● Exercise directions: Scan the following data for lines with "bool" and state how many there are, as a number only.

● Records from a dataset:
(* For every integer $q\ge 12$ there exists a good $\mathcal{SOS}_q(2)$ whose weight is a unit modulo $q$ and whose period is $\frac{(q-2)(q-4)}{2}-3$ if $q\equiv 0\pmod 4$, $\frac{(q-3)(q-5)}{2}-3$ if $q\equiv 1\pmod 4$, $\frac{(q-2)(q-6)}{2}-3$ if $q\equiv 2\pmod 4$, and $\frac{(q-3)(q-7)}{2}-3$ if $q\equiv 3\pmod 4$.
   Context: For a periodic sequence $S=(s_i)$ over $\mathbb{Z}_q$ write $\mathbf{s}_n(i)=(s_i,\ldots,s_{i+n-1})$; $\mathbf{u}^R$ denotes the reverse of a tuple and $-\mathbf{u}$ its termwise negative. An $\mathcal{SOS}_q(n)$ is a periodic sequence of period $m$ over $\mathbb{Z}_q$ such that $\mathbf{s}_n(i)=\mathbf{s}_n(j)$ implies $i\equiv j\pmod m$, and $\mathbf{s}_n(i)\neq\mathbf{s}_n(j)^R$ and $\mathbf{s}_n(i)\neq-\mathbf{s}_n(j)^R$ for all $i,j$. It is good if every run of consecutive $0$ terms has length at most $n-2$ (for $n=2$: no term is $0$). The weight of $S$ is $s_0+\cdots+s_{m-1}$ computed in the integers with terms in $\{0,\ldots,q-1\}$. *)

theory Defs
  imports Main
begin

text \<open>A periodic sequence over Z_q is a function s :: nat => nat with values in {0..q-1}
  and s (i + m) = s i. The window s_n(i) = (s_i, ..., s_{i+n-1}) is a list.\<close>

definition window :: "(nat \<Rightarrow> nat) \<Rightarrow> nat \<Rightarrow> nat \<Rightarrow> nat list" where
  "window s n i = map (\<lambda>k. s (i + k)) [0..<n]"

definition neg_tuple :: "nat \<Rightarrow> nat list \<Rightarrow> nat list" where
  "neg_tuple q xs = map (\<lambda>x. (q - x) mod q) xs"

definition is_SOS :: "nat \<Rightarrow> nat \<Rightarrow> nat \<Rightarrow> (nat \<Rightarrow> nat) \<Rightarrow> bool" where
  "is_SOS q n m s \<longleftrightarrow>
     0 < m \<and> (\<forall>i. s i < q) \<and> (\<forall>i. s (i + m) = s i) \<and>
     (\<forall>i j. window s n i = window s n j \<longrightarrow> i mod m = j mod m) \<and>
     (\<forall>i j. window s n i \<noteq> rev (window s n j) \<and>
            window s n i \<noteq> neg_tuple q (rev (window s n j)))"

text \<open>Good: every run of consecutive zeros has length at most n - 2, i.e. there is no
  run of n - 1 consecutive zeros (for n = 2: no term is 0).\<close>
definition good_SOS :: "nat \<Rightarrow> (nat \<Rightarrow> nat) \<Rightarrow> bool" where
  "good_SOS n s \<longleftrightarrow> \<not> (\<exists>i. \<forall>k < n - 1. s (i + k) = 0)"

...

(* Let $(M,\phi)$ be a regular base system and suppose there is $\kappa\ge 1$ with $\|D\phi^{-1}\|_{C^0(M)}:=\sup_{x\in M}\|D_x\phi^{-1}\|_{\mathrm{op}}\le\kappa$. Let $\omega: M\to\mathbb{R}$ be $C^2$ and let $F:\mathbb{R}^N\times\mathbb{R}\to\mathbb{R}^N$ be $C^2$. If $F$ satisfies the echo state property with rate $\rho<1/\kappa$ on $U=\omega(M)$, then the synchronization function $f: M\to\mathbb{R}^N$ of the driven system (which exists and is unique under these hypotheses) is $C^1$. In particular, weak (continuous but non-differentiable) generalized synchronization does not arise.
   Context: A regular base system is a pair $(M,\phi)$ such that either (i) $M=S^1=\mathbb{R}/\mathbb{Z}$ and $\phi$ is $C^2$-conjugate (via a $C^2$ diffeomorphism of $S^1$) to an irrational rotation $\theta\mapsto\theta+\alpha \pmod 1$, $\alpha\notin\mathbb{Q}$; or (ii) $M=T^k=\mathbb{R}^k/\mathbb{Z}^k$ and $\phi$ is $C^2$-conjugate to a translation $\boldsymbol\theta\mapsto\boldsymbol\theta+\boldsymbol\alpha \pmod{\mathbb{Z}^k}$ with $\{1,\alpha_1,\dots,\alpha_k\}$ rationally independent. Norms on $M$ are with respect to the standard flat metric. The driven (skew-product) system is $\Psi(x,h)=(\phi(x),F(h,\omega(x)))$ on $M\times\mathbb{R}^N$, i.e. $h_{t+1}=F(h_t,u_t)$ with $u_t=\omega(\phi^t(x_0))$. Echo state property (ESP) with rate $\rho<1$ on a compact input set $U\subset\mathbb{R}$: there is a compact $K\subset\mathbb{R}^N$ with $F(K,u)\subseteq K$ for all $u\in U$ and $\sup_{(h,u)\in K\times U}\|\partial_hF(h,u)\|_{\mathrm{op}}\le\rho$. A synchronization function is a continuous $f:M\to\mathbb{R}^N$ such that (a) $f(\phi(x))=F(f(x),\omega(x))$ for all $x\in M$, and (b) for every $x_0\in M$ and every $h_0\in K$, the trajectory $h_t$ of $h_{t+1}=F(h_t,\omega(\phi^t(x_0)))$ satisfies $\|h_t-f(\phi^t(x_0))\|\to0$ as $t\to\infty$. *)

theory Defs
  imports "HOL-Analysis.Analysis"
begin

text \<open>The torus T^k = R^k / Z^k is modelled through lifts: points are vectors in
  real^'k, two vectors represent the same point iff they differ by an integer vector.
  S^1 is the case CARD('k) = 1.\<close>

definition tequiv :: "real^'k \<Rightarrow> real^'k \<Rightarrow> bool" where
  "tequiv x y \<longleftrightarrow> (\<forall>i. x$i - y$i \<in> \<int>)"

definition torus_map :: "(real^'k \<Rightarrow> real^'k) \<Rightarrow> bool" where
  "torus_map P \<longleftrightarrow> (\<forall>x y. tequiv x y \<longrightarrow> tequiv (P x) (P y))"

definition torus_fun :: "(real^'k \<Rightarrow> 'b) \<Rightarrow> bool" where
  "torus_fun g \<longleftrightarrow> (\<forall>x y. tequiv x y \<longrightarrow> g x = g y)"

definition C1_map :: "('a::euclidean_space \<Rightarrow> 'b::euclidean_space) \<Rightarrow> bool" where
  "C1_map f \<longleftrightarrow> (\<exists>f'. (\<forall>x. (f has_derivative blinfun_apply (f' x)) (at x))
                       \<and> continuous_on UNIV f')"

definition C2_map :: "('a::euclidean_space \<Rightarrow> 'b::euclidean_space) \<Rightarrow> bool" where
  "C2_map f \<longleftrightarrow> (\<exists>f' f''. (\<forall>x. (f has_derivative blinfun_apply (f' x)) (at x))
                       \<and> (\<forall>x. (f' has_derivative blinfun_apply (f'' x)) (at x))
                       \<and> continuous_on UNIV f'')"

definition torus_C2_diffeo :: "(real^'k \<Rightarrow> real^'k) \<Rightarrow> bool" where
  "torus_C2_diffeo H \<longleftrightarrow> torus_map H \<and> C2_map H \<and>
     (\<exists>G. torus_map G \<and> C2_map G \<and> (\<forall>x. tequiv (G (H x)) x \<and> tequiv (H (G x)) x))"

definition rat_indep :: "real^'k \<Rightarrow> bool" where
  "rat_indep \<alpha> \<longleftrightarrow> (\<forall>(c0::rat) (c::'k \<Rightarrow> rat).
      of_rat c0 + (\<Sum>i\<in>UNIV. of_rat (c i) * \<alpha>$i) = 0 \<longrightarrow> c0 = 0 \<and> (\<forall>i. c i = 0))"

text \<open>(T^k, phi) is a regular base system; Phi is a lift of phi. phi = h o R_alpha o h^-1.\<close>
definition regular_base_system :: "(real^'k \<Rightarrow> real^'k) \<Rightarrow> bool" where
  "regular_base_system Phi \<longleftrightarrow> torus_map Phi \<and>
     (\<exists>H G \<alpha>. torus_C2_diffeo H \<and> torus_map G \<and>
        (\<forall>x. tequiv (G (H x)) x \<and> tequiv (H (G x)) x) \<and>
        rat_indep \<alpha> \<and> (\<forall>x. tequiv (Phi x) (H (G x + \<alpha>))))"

--

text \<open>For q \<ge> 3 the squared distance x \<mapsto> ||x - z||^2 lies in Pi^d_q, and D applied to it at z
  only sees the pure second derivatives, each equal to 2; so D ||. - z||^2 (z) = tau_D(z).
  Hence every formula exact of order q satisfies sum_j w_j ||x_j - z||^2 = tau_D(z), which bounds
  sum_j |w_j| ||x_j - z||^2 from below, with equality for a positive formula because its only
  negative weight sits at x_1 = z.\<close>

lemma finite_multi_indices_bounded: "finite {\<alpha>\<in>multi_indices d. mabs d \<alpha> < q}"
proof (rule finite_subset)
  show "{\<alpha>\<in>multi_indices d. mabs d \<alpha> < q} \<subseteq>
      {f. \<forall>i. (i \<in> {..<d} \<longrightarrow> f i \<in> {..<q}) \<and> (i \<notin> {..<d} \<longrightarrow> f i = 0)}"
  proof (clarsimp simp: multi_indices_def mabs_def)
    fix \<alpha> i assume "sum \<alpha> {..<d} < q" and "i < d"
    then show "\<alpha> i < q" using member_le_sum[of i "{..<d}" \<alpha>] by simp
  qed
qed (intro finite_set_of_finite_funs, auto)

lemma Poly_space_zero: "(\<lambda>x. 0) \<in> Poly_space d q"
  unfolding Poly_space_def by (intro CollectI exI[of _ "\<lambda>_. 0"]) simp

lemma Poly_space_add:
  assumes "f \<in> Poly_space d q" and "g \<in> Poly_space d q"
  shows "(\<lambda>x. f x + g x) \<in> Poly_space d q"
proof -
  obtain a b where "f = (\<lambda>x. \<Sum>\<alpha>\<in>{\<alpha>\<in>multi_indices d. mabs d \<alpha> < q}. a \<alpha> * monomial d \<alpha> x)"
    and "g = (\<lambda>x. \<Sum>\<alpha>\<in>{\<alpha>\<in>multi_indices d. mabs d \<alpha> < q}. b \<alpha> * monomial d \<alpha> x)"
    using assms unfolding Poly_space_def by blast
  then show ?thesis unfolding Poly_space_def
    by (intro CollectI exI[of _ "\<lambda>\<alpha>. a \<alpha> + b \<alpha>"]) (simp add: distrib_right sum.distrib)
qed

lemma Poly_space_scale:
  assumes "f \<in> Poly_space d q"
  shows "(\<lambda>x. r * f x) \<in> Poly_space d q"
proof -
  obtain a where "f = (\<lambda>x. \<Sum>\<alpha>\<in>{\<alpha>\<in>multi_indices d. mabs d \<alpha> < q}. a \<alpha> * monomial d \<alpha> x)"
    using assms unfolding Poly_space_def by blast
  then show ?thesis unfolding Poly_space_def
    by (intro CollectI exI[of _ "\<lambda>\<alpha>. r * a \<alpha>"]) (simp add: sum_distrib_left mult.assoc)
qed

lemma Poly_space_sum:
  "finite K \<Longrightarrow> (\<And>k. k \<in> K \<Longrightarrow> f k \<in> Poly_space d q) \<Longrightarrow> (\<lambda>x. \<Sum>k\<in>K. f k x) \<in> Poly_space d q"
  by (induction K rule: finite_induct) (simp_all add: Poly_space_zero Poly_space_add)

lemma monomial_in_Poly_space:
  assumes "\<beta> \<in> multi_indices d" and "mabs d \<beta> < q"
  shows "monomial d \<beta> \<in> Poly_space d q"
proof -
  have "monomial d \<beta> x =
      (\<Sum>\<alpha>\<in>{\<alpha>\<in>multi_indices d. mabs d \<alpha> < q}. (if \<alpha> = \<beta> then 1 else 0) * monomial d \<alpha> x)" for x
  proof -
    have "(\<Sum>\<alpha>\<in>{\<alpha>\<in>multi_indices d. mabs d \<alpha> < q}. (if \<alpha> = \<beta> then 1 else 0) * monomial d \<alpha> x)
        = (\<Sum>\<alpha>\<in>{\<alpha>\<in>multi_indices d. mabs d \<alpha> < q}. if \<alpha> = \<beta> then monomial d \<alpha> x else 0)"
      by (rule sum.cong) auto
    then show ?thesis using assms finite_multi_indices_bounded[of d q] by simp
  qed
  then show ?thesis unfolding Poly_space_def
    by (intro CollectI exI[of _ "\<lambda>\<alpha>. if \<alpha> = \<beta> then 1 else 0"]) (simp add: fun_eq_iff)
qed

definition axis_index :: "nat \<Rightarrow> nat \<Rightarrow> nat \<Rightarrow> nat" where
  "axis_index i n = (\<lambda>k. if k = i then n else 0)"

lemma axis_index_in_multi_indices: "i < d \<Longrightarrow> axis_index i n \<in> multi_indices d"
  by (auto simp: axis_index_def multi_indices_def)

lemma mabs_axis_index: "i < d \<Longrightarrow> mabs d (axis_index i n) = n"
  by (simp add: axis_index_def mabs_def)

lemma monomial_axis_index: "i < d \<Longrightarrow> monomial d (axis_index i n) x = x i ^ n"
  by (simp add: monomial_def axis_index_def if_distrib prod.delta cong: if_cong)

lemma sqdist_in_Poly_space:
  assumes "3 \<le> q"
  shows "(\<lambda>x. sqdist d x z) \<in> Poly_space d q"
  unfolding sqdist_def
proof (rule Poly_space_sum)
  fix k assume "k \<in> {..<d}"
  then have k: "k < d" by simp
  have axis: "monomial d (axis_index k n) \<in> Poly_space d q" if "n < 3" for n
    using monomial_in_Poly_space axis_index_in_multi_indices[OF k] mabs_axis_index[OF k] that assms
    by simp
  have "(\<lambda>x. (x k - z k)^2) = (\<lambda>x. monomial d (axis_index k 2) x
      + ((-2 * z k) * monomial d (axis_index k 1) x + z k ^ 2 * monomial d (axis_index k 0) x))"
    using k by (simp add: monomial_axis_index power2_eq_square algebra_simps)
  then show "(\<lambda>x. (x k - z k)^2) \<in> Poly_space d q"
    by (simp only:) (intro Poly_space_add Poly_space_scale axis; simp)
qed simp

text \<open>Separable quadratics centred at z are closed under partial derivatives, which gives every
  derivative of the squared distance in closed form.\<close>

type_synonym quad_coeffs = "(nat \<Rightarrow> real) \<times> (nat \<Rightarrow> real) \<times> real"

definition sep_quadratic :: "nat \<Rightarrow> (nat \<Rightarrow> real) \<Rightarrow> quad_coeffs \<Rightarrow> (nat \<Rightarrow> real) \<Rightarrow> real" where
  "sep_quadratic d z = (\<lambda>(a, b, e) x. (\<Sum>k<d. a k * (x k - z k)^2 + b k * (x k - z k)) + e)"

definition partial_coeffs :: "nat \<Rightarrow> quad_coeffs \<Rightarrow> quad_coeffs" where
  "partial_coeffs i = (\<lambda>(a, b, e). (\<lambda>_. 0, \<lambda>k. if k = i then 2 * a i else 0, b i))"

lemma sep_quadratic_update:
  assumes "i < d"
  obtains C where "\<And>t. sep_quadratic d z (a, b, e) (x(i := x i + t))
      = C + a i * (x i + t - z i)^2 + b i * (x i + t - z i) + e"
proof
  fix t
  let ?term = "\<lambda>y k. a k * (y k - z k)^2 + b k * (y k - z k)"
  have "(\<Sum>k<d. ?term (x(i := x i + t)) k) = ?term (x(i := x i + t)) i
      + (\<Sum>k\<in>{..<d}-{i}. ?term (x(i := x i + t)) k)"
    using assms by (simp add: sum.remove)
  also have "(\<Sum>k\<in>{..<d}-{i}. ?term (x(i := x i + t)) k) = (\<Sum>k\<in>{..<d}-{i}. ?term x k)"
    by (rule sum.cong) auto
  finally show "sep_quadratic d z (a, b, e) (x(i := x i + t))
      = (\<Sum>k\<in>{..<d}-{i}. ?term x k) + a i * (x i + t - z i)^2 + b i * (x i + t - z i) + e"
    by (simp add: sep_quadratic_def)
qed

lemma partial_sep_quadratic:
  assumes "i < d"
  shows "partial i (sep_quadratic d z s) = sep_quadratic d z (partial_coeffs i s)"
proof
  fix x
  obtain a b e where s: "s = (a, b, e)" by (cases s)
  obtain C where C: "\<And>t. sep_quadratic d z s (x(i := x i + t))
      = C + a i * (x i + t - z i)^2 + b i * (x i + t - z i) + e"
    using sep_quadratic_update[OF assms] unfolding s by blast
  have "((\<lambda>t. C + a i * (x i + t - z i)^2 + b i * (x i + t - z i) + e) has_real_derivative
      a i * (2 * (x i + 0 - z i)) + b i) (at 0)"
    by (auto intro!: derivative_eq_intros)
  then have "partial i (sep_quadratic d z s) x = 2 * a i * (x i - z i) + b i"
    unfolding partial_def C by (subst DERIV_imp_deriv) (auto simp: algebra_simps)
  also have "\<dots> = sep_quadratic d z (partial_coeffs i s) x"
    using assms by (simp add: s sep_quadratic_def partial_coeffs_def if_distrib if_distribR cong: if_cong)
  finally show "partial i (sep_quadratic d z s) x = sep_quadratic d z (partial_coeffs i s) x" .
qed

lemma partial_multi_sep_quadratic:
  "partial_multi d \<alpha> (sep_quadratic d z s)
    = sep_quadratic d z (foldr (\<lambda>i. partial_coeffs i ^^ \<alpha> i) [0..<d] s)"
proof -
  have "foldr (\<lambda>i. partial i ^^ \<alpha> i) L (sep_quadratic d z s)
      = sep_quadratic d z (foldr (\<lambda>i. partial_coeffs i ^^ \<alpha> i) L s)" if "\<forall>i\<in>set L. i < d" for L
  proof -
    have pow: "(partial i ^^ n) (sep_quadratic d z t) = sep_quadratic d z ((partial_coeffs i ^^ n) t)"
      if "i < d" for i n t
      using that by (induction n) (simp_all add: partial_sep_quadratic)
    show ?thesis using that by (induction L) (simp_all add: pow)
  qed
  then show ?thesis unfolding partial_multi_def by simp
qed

● Answer for the task: 10